I’ve written before an example on how to use Powershell and FetchXml to get records from a Dynamics CRM instance. But there’s a limit, by default 5000 records, on how many records CRM returns in a single batch -and for good reason. There are many blog posts out there on how to increase the limit or even turn it off completely but this is missing the point: you really really really don’t want tens or hundreds of thousand -or, god forbid, millions- of records being returned in a single operation. That would probably fail for a number of reasons, not to mention it would slow the whole system to a crawl for a very long time!

So we really should do it the right way, which is to use paging. It’s not even hard! It’s basically almost the same thing, you just need to add a loop.

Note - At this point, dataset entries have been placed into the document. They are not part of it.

section \<open>Derivatives of powers of a quadratic\<close>

lemma coeff_quadratic_power:
  fixes c :: "'a::comm_ring_1"
  shows "coeff ([:c, 0, 1:] ^ M) k
       = (if even k then of_nat (M choose (k div 2)) * c ^ (M - k div 2) else 0)"
proof -
  have quadratic: "[:c, 0, 1:] = monom 1 2 + [:c:]"
    by (simp add: monom_altdef numeral_2_eq_2 one_pCons)
  have "[:c, 0, 1:] ^ M = (\<Sum>h\<le>M. monom (of_nat (M choose h) * c ^ (M - h)) (2 * h))"
    unfolding quadratic binomial_ring
    by (intro sum.cong refl) (simp add: monom_power of_nat_poly mult_monom flip: monom_0)
  then have "coeff ([:c, 0, 1:] ^ M) k = (\<Sum>h\<le>M. if 2 * h = k then of_nat (M choose h) * c ^ (M - h) else 0)"
    by (simp add: coeff_sum)
  also have "\<dots> = (\<Sum>h\<le>M. if h = k div 2 then (if even k then of_nat (M choose h) * c ^ (M - h) else 0) else 0)"
    by (intro sum.cong refl) auto
  finally show ?thesis
    by (auto simp: binomial_eq_0)
qed

lemma map_poly_of_int_quadratic_power:
  "map_poly (of_int :: int \<Rightarrow> 'a::comm_ring_1) ([:c, 0, 1:] ^ M) = [:of_int c, 0, 1:] ^ M"
  by (rule poly_eqI) (simp add: coeff_map_poly coeff_quadratic_power)

lemma coeff_higher_pderiv_quadratic_power_top:
  fixes c :: int
  assumes "s + t = 2 * M"
  shows "coeff ((pderiv ^^ t) ([:c, 0, 1:] ^ M)) s = pochhammer (int s + 1) t"
  using assms by (simp add: coeff_higher_pderiv coeff_quadratic_power add.commute)

lemma coeff_higher_pderiv_quadratic_power_nonzero_imp:
  fixes c :: int
  assumes "s + t = 2 * M" "coeff ((pderiv ^^ t) ([:c, 0, 1:] ^ M)) e \<noteq> 0"
  shows "\<exists>d. 2 * d \<le> s \<and> e = s - 2 * d"
proof -
  have "even (e + t)" "(e + t) div 2 \<le> M"
    using assms(2) by (auto simp: coeff_higher_pderiv coeff_quadratic_power binomial_eq_0 split: if_splits)
  moreover define h where "h = (e + t) div 2"
  ultimately have "e + t = 2 * h" "h \<le> M"
    by simp_all
  then have "2 * (M - h) \<le> s \<and> e = s - 2 * (M - h)"
    using assms(1) by auto
  then show ?thesis
    by blast
qed

lemma diff_mult_binomial_eq: "(n - k) * (n choose k) = Suc k * (n choose Suc k)"
  by (metis binomial_absorb_comp binomial_absorption)

lemma pochhammer_shift_two:
  fixes x :: "'a::comm_semiring_1"
  shows "pochhammer x t * ((x + of_nat t) * (x + of_nat t + 1)) = x * (x + 1) * pochhammer (x + 2) t"
proof -
  have "pochhammer x (Suc (Suc t)) = x * ((x + 1) * pochhammer (x + 2) t)"
    by (simp add: pochhammer_rec add.assoc one_add_one)
  moreover have "pochhammer x (Suc (Suc t)) = (x + of_nat t + 1) * ((x + of_nat t) * pochhammer x t)"
    by (simp add: pochhammer_rec' add_ac)
  ultimately show ?thesis
    by (simp add: mult_ac)
qed

lemma coeff_higher_pderiv_quadratic_power_step:
  fixes c :: int and t M :: nat
  defines "E \<equiv> (pderiv ^^ t) ([:c, 0, 1:] ^ M)"
  assumes "s + t = 2 * M" "2 * d + 2 \<le> s"
  shows "coeff E (s - 2 * Suc d) * (int (2 * M - 2 * d) * int (2 * M - 2 * d - 1) * int (Suc d))
       = coeff E (s - 2 * d) * (int (s - 2 * d) * int (s - 2 * d - 1) * int (M - d) * c)"
proof -
  obtain k where s: "s = 2 * d + 2 + k"
    using assms(3) le_Suc_ex by blast
  define h where "h = M - Suc d"
  have M: "M = h + Suc d"
    using assms(2) s h_def by simp
  have t: "k + t = 2 * h"
    using assms(2) s M by simp
  have E_k: "coeff E k = pochhammer (int k + 1) t * (int (M choose h) * c ^ (M - h))"
    using t by (simp add: E_def coeff_higher_pderiv coeff_quadratic_power add.commute)
  have E_k2: "coeff E (k + 2) = pochhammer (int k + 3) t * (int (M choose Suc h) * c ^ (M - Suc h))"
    using t by (simp add: E_def coeff_higher_pderiv coeff_quadratic_power algebra_simps)
  have binomial_shift: "int (M choose h) * int (M - h) = int (M choose Suc h) * int (Suc h)"
    using diff_mult_binomial_eq[of M h] by (metis mult.commute of_nat_mult)
  have c_power: "c ^ (M - h) = c ^ (M - Suc h) * c"
    using M by (simp add: Suc_diff_le)
  have "coeff E k * (int (k + t + 2) * int (k + t + 1) * int (M - h))
      = (pochhammer (int k + 1) t * ((int k + 1 + int t) * (int k + 1 + int t + 1)))
        * (int (M choose h) * int (M - h)) * c ^ (M - h)"
    by (simp add: E_k algebra_simps)
  also have "\<dots> = (int k + 1) * (int k + 1 + 1) * pochhammer (int k + 1 + 2) t
        * (int (M choose Suc h) * int (Suc h)) * (c ^ (M - Suc h) * c)"
    unfolding pochhammer_shift_two binomial_shift c_power ..
  also have "\<dots> = coeff E (k + 2) * (int (k + 2) * int (k + 1) * int (Suc h) * c)"
    unfolding E_k2 by (simp add: algebra_simps)
  finally show ?thesis
    using s M t by (simp add: numeral_eq_Suc)
qed

lemma prime_not_dvd_pochhammer:
  assumes "prime p" "s + t < p"
  shows "\<not> int p dvd pochhammer (int s + 1) t"
proof
  assume "int p dvd pochhammer (int s + 1) t"
  then obtain i where "i < t" "int p dvd int s + 1 + int i"
    using assms(1) by (auto simp: pochhammer_prod prime_dvd_prod_iff)
  then show False
    using assms by (auto dest!: zdvd_imp_le)
qed

section \<open>Comparing coefficients modulo p\<close>

lemma cong_proportional_of_ratios:
  fixes \<alpha> \<beta> U V U' V' :: "nat \<Rightarrow> int" and p :: int
  assumes "\<And>d. d < N \<Longrightarrow> \<alpha> (Suc d) * U d = \<alpha> d * V d"
    and "\<And>d. d < N \<Longrightarrow> \<beta> (Suc d) * U' d = \<beta> d * V' d"
    and "\<And>d. d < N \<Longrightarrow> [V d * U' d = V' d * U d] (mod p)"
    and "\<And>d. d < N \<Longrightarrow> coprime (U d * U' d) p"
    and "d \<le> N"
  shows "[\<alpha> d * \<beta> 0 = \<beta> d * \<alpha> 0] (mod p)"
  using \<open>d \<le> N\<close>
proof (induction d)
  case (Suc d)
  then have d: "d < N" and IH: "[\<alpha> d * \<beta> 0 = \<beta> d * \<alpha> 0] (mod p)"
    by simp_all
  have "[\<alpha> (Suc d) * \<beta> 0 * (U d * U' d) = (\<alpha> d * V d) * (\<beta> 0 * U' d)] (mod p)"
    unfolding assms(1)[OF d, symmetric] by (simp add: mult_ac)
  also have "(\<alpha> d * V d) * (\<beta> 0 * U' d) = (\<alpha> d * \<beta> 0) * (V d * U' d)"
    by (simp add: mult_ac)
  also have "[(\<alpha> d * \<beta> 0) * (V d * U' d) = (\<beta> d * \<alpha> 0) * (V' d * U d)] (mod p)"
    using IH assms(3)[OF d] by (rule cong_mult)
  also have "(\<beta> d * \<alpha> 0) * (V' d * U d) = (\<beta> d * V' d) * (\<alpha> 0 * U d)"
    by (simp add: mult_ac)
  also have "\<dots> = \<beta> (Suc d) * \<alpha> 0 * (U d * U' d)"
    unfolding assms(2)[OF d, symmetric] by (simp add: mult_ac)
  finally show ?case
    using cong_mult_rcancel[OF assms(4)[OF d]] by blast
qed (simp add: mult.commute)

So that’s the code I wrote to update all active records (the filter is in the FetchXml, so you can just create yours and the code doesn’t change). I added a progress indicator so that I get a sense of performance.

#
# Source: DotJim blog (http://dandraka.com)
# Jim Andrakakis, June 2020
#
# Prerequisites:
# 1. Install PS modules
#    Run the following in a powershell with admin permissions:
#       Install-Module -Name Microsoft.Xrm.Tooling.CrmConnector.PowerShell
#       Install-Module -Name Microsoft.Xrm.Data.PowerShell -AllowClobber
#
# 2. Write password file
#    Run the following and enter your user's password when prompted:
#      Read-Host -assecurestring | convertfrom-securestring | out-file C:\usr\crm\crmcred.pwd
#
# ============ Constants to change ============
$pwdFile = "C:\usr\crm\crmcred.pwd"
$username = "myuser@mycompany.com"
$serverurl = "https://myinstance.crm4.dynamics.com"
$fetchxml = "C:\usr\crm\all_active.xml"
# =============================================

Clear-Host
$ErrorActionPreference = "Stop"

# ============ Login to MS CRM ============
$password = get-content $pwdFile | convertto-securestring
$cred = new-object -typename System.Management.Automation.PSCredential -argumentlist $username,$password
try
{
    $connection = Connect-CRMOnline -Credential $cred -ServerUrl $serverurl
}
catch
{
    Write-Host $_.Exception.Message 
    exit
}
if($connection.IsReady -ne $True)
{
    $errorDescr = $connection.LastCrmError
    Write-Host "Connection not established: $errorDescr"
    exit
}
else
{
    Write-Host "Connection to $($connection.ConnectedOrgFriendlyName) successful"
}

# ============ Fetch data ============
[string]$fetchXmlStr = Get-Content -Path $fetchxml

$list = New-Object System.Collections.ArrayList
$pageNumber = 1
$pageCookie = ''
$nextPage = $true

$StartDate1=Get-Date

while($nextPage)
{    
    if ($pageNumber -eq 1) {
        $result = Get-CrmRecordsByFetch -conn $connection -Fetch $fetchXmlStr 
    }
    else {
        $result = Get-CrmRecordsByFetch -conn $connection -Fetch $fetchXmlStr -PageNumber $pageNumber -PageCookie $pageCookie
    }

    $EndDate1=Get-Date
    $ts1 = New-TimeSpan –Start $StartDate1 –End $EndDate1

    $list.AddRange($result.CrmRecords)

    Write-Host "Fetched $($list.Count) records in $($ts1.TotalSeconds) sec"    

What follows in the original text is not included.